A few years ago, I was booked on what I thought was a short flight but which actually entailed a 20+ hour stopover in Dubai's Terminal 2 - both ways. The real joy, though, was that this was allowed me to stay in flydubai's business lounge, so for 22 hours I watched TV, and ate copious amounts of lentil soup, and lamented to the bartender. I watched the shift change, I walked around the rest of the terminal where the only highlight was a Paul, I tried to take a nap on the armchair, I ate bowl after bowl of lentil soup. A few days later, I did the exact same thing on my way back. It was horribly exhausting, but it was probably the highlight of my career. I will never amount to much, but for that one day I was a tired, dishevelled person who could order whatever I wanted to eat or drink.

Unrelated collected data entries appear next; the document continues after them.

(* Let $X$, $Y$, $\mathcal{E}$ be Euclidean-space-valued random variables on a probability space. Suppose $\Phi\in\mathcal{I}$ and that $\epsilon\in\mathrm{supp}(\mathcal{E})$ is such that $X$ and $Y$ are conditionally independent given $(\Phi,\mathcal{E}=\epsilon)$. Then for this $\epsilon$, $$\Phi\in\arg\max_{Z\in\sigma(X)} I(Y;Z\mid\epsilon),$$ where $I(\cdot;\cdot\mid\epsilon)$ denotes mutual information under the conditional law given $\mathcal{E}=\epsilon$.
   Context: The set of invariant features is $\mathcal{I}=\{\Phi\in\sigma(X): p(Y\mid\Phi,\epsilon)=p(Y\mid\Phi)\ \text{for all }\epsilon\in\mathrm{supp}(\mathcal{E})\}$. Writing $Z\in\sigma(X)$ means $Z$ is a random variable measurable with respect to $\sigma(X)$. *)

theory Defs
  imports "HOL-Probability.Probability"
begin

definition msupp :: "'e::topological_space measure \<Rightarrow> 'e set" where
  "msupp \<mu> = {x. \<forall>U. open U \<and> x \<in> U \<longrightarrow> emeasure \<mu> U > 0}"

definition gen_sigma :: "'a measure \<Rightarrow> ('a \<Rightarrow> 'b::topological_space) \<Rightarrow> 'a measure" where
  "gen_sigma P V = vimage_algebra (space P) V borel"

text \<open>Kullback-Leibler divergence KL(Q || P) with values in [0, infinity] (natural log):
  infinite unless Q is absolutely continuous w.r.t. P; otherwise the integral of
  f ln f - f + 1 (a nonnegative integrand, equal to the usual integral of f ln f
  for probability measures) with f = dQ/dP.\<close>
definition KL_ext :: "'a measure \<Rightarrow> 'a measure \<Rightarrow> ennreal" where
  "KL_ext P Q =
     (if absolutely_continuous P Q then
        (\<integral>\<^sup>+ x. ennreal (enn2real (RN_deriv P Q x) * ln (enn2real (RN_deriv P Q x))
                         - enn2real (RN_deriv P Q x) + 1) \<partial>P)
      else \<infinity>)"

definition mutual_info ::
  "'a measure \<Rightarrow> ('a \<Rightarrow> 'b::topological_space) \<Rightarrow> ('a \<Rightarrow> 'c::topological_space) \<Rightarrow> ennreal" where
  "mutual_info P A B =
     KL_ext (distr P borel A \<Otimes>\<^sub>M distr P borel B)
            (distr P (borel \<Otimes>\<^sub>M borel) (\<lambda>\<omega>. (A \<omega>, B \<omega>)))"

definition cond_indep ::
  "'a measure \<Rightarrow> ('a \<Rightarrow> 'u::topological_space) \<Rightarrow> ('a \<Rightarrow> 'v::topological_space)
     \<Rightarrow> ('a \<Rightarrow> 'w::topological_space) \<Rightarrow> bool" where
  "cond_indep P U V W \<longleftrightarrow>
     (\<forall>A \<in> sets borel. \<forall>B \<in> sets borel.
        AE \<omega> in P.
          real_cond_exp P (gen_sigma P W) (indicator (U -` A \<inter> V -` B \<inter> space P)) \<omega>
          = real_cond_exp P (gen_sigma P W) (indicator (U -` A \<inter> space P)) \<omega>
            * real_cond_exp P (gen_sigma P W) (indicator (V -` B \<inter> space P)) \<omega>)"

definition cond_law_kernel ::
  "'a measure \<Rightarrow> ('a \<Rightarrow> 'e::topological_space) \<Rightarrow> ('e \<Rightarrow> 'a measure) \<Rightarrow> bool" where
  "cond_law_kernel M E Pe \<longleftrightarrow>
     (\<forall>e. prob_space (Pe e) \<and> sets (Pe e) = sets M) \<and>
     (\<forall>A \<in> sets M. (\<lambda>e. measure (Pe e) A) \<in> borel_measurable borel) \<and>
     (\<forall>A \<in> sets M. \<forall>C \<in> sets borel.
        measure M (A \<inter> E -` C \<inter> space M)
          = (\<integral>e. indicator C e * measure (Pe e) A \<partial>(distr M borel E)))"

text \<open>p(Y | Phi, E = e) = p(Y | Phi): the conditional law of Y given Phi under
  the conditional measure Pe e is given by the same function of Phi as under M.\<close>
definition same_cond_law ::
  "'a measure \<Rightarrow> 'a measure \<Rightarrow> ('a \<Rightarrow> 'y::topological_space) \<Rightarrow> ('a \<Rightarrow> 'p::topological_space) \<Rightarrow> bool" where
  "same_cond_law M Q Y Phi \<longleftrightarrow>
     (\<forall>B \<in> sets borel. \<exists>g \<in> borel_measurable (borel :: 'p measure).
        (AE \<omega> in M. real_cond_exp M (gen_sigma M Phi) (indicator (Y -` B \<inter> space M)) \<omega> = g (Phi \<omega>)) \<and>
        (AE \<omega> in Q. real_cond_exp Q (gen_sigma Q Phi) (indicator (Y -` B \<inter> space Q)) \<omega> = g (Phi \<omega>)))"

definition invariant_feature ::
  "'a measure \<Rightarrow> ('a \<Rightarrow> 'x::topological_space) \<Rightarrow> ('a \<Rightarrow> 'y::topological_space)
     \<Rightarrow> ('a \<Rightarrow> 'e::topological_space) \<Rightarrow> ('e \<Rightarrow> 'a measure) \<Rightarrow> ('a \<Rightarrow> 'p::topological_space) \<Rightarrow> bool" where
  "invariant_feature M X Y E Pe Phi \<longleftrightarrow>
     Phi \<in> gen_sigma M X \<rightarrow>\<^sub>M borel \<and>
     (\<forall>e \<in> msupp (distr M borel E). same_cond_law M (Pe e) Y Phi)"

end

theory Submission
  imports Defs
begin

(* Let Q be the conditional law given E = epsilon and S the sigma-algebra generated by X.
   Compare, on (values of Y) x (Omega, S), the product mu of the law of Y with the restriction
   of Q to S and the joint law nu of (Y, omega).
   For every S-measurable feature V, I(Y; V) is the KL divergence between the images of mu and
   nu under (y, omega) |-> (y, V omega), so by the data processing inequality (conditional Jensen
   for t ln t) it is at most KL(nu || mu).  If X and Y are conditionally independent given Phi,
   then d nu / d mu = r (y, Phi omega), where r is the density of the joint law of (Y, Phi) with
   respect to the product of the marginals.  This density factors through
   (y, omega) |-> (y, Phi omega), so that map loses no divergence and I(Y; Phi) = KL(nu || mu). *)

definition kl_fun :: "real \<Rightarrow> real" where
  "kl_fun t = t * ln t - t + 1"

lemma kl_fun_ge_tangent:
  assumes "s \<ge> 0" "c > 0"
  shows "s * ln c - c + 1 \<le> kl_fun s"
proof (cases "s = 0")
  case True
  then show ?thesis using assms by (simp add: kl_fun_def)
next
  case False
  then have s: "s > 0" using assms by auto
  have "ln c - ln s = ln (c / s)" using s assms by (simp add: ln_div)
  also have "\<dots> \<le> c / s - 1" using s assms by (intro ln_le_minus_one) auto
  finally have "s * (ln c - ln s) \<le> s * (c / s - 1)" using s by (intro mult_left_mono) auto
  then show ?thesis using s by (simp add: kl_fun_def algebra_simps)
qed

lemma kl_fun_le_of_rat_tangents:
  assumes "s \<ge> 0" and tangents: "\<And>c. c \<in> \<rat> \<Longrightarrow> c > 0 \<Longrightarrow> s * ln c - c + 1 \<le> y"
  shows "kl_fun s \<le> y"
proof (rule field_le_epsilon)
  fix e :: real assume "0 < e"
  then obtain c where c: "c \<in> \<rat>" "s < c" "c < s + e"
    using Rats_dense_in_real[of s "s + e"] by auto
  have "s * ln s \<le> s * ln c"
    using assms(1) c by (cases "s = 0") (auto intro: mult_left_mono)
  then have "kl_fun s \<le> s * ln c - c + 1 + e" using c by (simp add: kl_fun_def)
  also have "\<dots> \<le> y + e" using tangents[OF c(1)] assms(1) c(2) by simp
  finally show "kl_fun s \<le> y + e" .
qed

lemma kl_fun_nonneg: "s \<ge> 0 \<Longrightarrow> kl_fun s \<ge> 0"
  using kl_fun_ge_tangent[of s 1] by simp

lemma borel_measurable_kl_fun [measurable]: "kl_fun \<in> borel_measurable borel"
  unfolding kl_fun_def by measurable

(* The library's conditional Jensen inequality needs an open interval, which f need not stay in
   since it may vanish.  Instead, kl_fun is the supremum of its tangent lines at the countably
   many positive rationals, and each affine inequality survives conditional expectation a.e. *)
lemma real_cond_exp_kl_fun_le:
  assumes "finite_measure M" "subalgebra M F"
    and f: "integrable M f" "AE x in M. f x \<ge> 0" "integrable M (\<lambda>x. kl_fun (f x))"
  shows "AE x in M. kl_fun (real_cond_exp M F f x) \<le> real_cond_exp M F (\<lambda>x. kl_fun (f x)) x"
proof -
  interpret finite_measure M by fact
  interpret finite_measure_subalgebra M F by unfold_locales (use assms(2) in auto)
  let ?Ef = "real_cond_exp M F f" and ?EK = "real_cond_exp M F (\<lambda>x. kl_fun (f x))"
  have tangent: "AE x in M. ?Ef x * ln c - c + 1 \<le> ?EK x" if c: "c > 0" "c \<in> \<rat>" for c
  proof -
    have affine: "integrable M (\<lambda>x. ln c * f x)" "integrable M (\<lambda>x. 1 - c)"
      using f(1) by auto
    have "ln c * t + (1 - c) \<le> kl_fun t" if "t \<ge> 0" for t
      using kl_fun_ge_tangent[OF that c(1)] by (simp add: mult.commute)
    then have "AE x in M. ln c * f x + (1 - c) \<le> kl_fun (f x)"
      using f(2) by (auto elim: eventually_mono)
    then have "AE x in M. real_cond_exp M F (\<lambda>x. ln c * f x + (1 - c)) x \<le> ?EK x"
      using affine f(3) by (intro real_cond_exp_mono) auto
    moreover have "AE x in M. real_cond_exp M F (\<lambda>x. ln c * f x + (1 - c)) x
        = real_cond_exp M F (\<lambda>x. ln c * f x) x + real_cond_exp M F (\<lambda>x. 1 - c) x"
      by (rule real_cond_exp_add[OF affine])
    moreover have "AE x in M. real_cond_exp M F (\<lambda>x. 1 - c) x = 1 - c"
      by (rule real_cond_exp_F_meas) auto
    moreover have "AE x in M. real_cond_exp M F (\<lambda>x. ln c * f x) x = ln c * ?Ef x"
      by (rule real_cond_exp_cmult[OF f(1)])
    ultimately show ?thesis
      by eventually_elim (simp add: mult.commute)
  qed
  have "AE x in M. \<forall>c\<in>{c\<in>\<rat>. c > 0}. ?Ef x * ln c - c + 1 \<le> ?EK x"
    using tangent countable_rat
    by (intro AE_ball_countable') (auto intro: countable_subset[of _ \<rat>])
  moreover have "AE x in M. ?Ef x \<ge> 0"
    using f by (intro real_cond_exp_pos) auto
  ultimately show ?thesis
    by eventually_elim (rule kl_fun_le_of_rat_tangents, auto)
qed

The flight arrives. My phone never works. I plaster a big smile on my face - it’s easier to smile with a glass of wine running through your system. A visa is not a guarantee. You know your fellow passengers don’t feel this way: they are confident, their passports allow them the ability to pay a few dollars and waltz through. An immigration officer's stamp is suspended over my passport, my heart stops still and I can count all the money and time I have spent, everything leading up to this moment, and I wish I was back on a plane again, in that safe space where my anxiety is many hours away.